**WHAT IS EXPECTED**
Every line containing "else" should be copied out. Go through the entries and find them.

**MATERIAL FOR THE TASK**
(* Consider the Geo-Geo system with parameters $\mu_A,\mu_B\in(0,1)$. Its average AoI is $$\overline{\Delta}_{\text{Geo-Geo}}(\mu_A,\mu_B)=\frac{2\big(\mu_A^2+\mu_B^2+3\mu_A\mu_B-3\mu_A^2\mu_B-3\mu_A\mu_B^2+2\mu_A^2\mu_B^2\big)}{(\mu_A+\mu_B-\mu_A\mu_B)^3}.$$
   Context: **Time and sensors.** Time is slotted. Two sensors independently send time-stamped status updates about the same process to one monitor under the zero-wait policy: a new update is generated at the start of the slot right after the previous update of that sensor is delivered, with instantaneous acknowledgements. In the Geo-Geo system, sensor A completes its current update in each slot independently with probability $\mu_A$, and sensor B does so independently with probability $\mu_B$. Thus both sensors have i.i.d. geometric service times on $\{1,2,\dots\}$, with parameters $\mu_A$ and $\mu_B$. **AoI.** The monitor's AoI is $\Delta[t]=t-u(t)$, where $u(t)$ is the generation time of the freshest received update. It evolves by - $\Delta[t+1]=\Delta[t]+1$ if nothing is delivered in slot $t$; - $\Delta[t+1]=\min(t-G_i+1,\Delta[t]+1)$ otherwise, with $G_i$ the generation time of the delivered update. Equivalently, the system AoI is the minimum of the AoIs that each single sensor's update stream alone would produce. The average AoI is its long-run time average in steady state. *)

theory Defs
  imports "HOL-Probability.Probability"
begin

text \<open>A sample path is a function
  w :: nat => bool * bool; fst (w t) (resp. snd (w t)) says that sensor A
  (resp. B) completes (delivers) its current update in slot t.\<close>

text \<open>Generation time of the update a sensor has in service during slot t
  (zero-wait: a fresh update replaces a delivered one immediately).
  Convention: the update delivered in slot t is replaced by one
  with time stamp t.\<close>
fun gen :: "(nat \<Rightarrow> bool) \<Rightarrow> nat \<Rightarrow> nat" where
  "gen c 0 = 0"
| "gen c (Suc t) = (if c t then t else gen c t)"

fun aoi :: "(nat \<Rightarrow> bool \<times> bool) \<Rightarrow> nat \<Rightarrow> nat" where
  "aoi w 0 = 0"
| "aoi w (Suc t) =
     (let d = aoi w t + 1;
          dA = (if fst (w t) then t - gen (\<lambda>s. fst (w s)) t + 1 else d);
          dB = (if snd (w t) then t - gen (\<lambda>s. snd (w s)) t + 1 else d)
      in min d (min dA dB))"

definition slots_pmf :: "real \<Rightarrow> real \<Rightarrow> nat \<Rightarrow> (nat \<Rightarrow> bool \<times> bool) pmf" where
  "slots_pmf muA muB T =
     Pi_pmf {..<T} (False, False) (\<lambda>_. pair_pmf (bernoulli_pmf muA) (bernoulli_pmf muB))"

text \<open>E[Delta[t]] (Delta[t] only depends on slots 0..t-1).\<close>
definition expected_aoi :: "real \<Rightarrow> real \<Rightarrow> nat \<Rightarrow> real" where
  "expected_aoi muA muB t =
     measure_pmf.expectation (slots_pmf muA muB t) (\<lambda>w. real (aoi w t))"

definition avg_aoi_upto :: "real \<Rightarrow> real \<Rightarrow> nat \<Rightarrow> real" where
  "avg_aoi_upto muA muB T = (\<Sum>t<T. expected_aoi muA muB t) / real T"

end

theory Submission
  imports Defs
begin

text \<open>
  The AoI at time t exceeds k iff each sensor completed at most one update during the last k slots:
  then the freshest update it delivered was generated before that window.  The completion counts of
  the two sensors in a window of length k are independent Binomial(k, muA) and Binomial(k, muB)
  variables, so E \<Delta>[t] is the sum over k < t of P(Bin(k, muA) \<le> 1) P(Bin(k, muB) \<le> 1).  These
  terms are a quadratic polynomial in k times ((1 - muA)(1 - muB))^k, so E \<Delta>[t] converges to
  the closed form, and so does its Cesaro mean, the time-average AoI.
\<close>

lemma Pi_pmf_pair_pmf:
  assumes "finite A"
  shows "Pi_pmf A (d, e) (\<lambda>x. pair_pmf (p x) (q x)) =
    map_pmf (\<lambda>(f, g) x. (f x, g x)) (pair_pmf (Pi_pmf A d p) (Pi_pmf A e q))"
proof -
  have "Pi_pmf A (d, e) (\<lambda>x. pair_pmf (p x) (q x)) =
      Pi_pmf A (d, e) (\<lambda>x. p x \<bind> (\<lambda>a. q x \<bind> (\<lambda>b. return_pmf (a, b))))"
    by (simp add: pair_pmf_def)
  also have "\<dots> = Pi_pmf A d p \<bind> (\<lambda>f. Pi_pmf A e q \<bind> (\<lambda>g. Pi_pmf A (d, e) (\<lambda>x. return_pmf (f x, g x))))"
    using assms by (simp add: Pi_pmf_bind[where d' = d] Pi_pmf_bind[where d' = e])
  also have "\<dots> = Pi_pmf A d p \<bind> (\<lambda>f. Pi_pmf A e q \<bind> (\<lambda>g. return_pmf (\<lambda>x. (f x, g x))))"
    using assms set_Pi_pmf_subset[OF assms, of d p] set_Pi_pmf_subset[OF assms, of e q]
    by (intro bind_pmf_cong refl) (auto simp: fun_eq_iff)
  also have "\<dots> = map_pmf (\<lambda>(f, g) x. (f x, g x)) (pair_pmf (Pi_pmf A d p) (Pi_pmf A e q))"
    by (simp add: pair_pmf_def map_pmf_def bind_assoc_pmf bind_return_pmf)
  finally show ?thesis .
qed

lemma pair_binomial_pmf_altdef:
  assumes "finite A" "card A = n" "p \<in> {0..1}" "q \<in> {0..1}"
  shows "pair_pmf (binomial_pmf n p) (binomial_pmf n q) =
    map_pmf (\<lambda>w. (card {x \<in> A. fst (w x)}, card {x \<in> A. snd (w x)}))
      (Pi_pmf A (d, e) (\<lambda>_. pair_pmf (bernoulli_pmf p) (bernoulli_pmf q)))"
  using assms
  by (simp add: Pi_pmf_pair_pmf pmf.map_comp o_def case_prod_beta' map_pair[symmetric]
      binomial_pmf_altdef'[of A n p d] binomial_pmf_altdef'[of A n q e])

**WRITTEN RESPONSE**
| "gen c (Suc t) = (if c t then t else gen c t)"
          dA = (if fst (w t) then t - gen (\<lambda>s. fst (w s)) t + 1 else d);
          dB = (if snd (w t) then t - gen (\<lambda>s. snd (w s)) t + 1 else d)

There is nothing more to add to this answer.